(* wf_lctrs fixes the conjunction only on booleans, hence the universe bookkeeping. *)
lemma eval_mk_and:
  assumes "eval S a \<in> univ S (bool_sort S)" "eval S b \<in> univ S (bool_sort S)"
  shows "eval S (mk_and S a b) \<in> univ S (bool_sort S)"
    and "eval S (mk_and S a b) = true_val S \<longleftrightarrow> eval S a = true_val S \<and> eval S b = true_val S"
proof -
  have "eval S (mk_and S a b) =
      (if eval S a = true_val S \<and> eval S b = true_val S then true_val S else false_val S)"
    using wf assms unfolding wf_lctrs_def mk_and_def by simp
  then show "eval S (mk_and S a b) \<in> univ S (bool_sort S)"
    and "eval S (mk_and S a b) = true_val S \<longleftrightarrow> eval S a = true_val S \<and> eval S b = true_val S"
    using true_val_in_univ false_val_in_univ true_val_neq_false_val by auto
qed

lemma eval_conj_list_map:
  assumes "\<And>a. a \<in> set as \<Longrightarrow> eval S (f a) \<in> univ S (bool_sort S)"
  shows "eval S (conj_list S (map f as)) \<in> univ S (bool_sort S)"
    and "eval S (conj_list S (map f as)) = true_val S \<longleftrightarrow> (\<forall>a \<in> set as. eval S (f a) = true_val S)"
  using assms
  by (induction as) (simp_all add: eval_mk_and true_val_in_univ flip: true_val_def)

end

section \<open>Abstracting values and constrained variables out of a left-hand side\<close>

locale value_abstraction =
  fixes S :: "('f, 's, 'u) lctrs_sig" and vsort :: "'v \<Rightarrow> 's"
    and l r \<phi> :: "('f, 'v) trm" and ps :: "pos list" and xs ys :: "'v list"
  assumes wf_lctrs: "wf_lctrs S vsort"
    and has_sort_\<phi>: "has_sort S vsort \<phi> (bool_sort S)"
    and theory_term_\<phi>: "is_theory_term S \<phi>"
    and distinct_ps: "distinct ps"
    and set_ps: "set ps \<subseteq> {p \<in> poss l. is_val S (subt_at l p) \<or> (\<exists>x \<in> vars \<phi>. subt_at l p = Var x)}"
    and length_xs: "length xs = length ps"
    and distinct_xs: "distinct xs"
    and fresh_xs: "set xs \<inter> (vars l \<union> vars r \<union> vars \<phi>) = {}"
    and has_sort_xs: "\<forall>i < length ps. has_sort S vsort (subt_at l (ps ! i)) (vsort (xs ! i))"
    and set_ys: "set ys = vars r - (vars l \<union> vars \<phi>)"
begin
○ ○ ○ ○ ○ ○ ○
> [Work request]: Extract from the material all lines containing the string "then".

> [Result below]:
      (if eval S a = true_val S \<and> eval S b = true_val S then true_val S else false_val S)"
  then show "eval S (mk_and S a b) \<in> univ S (bool_sort S)"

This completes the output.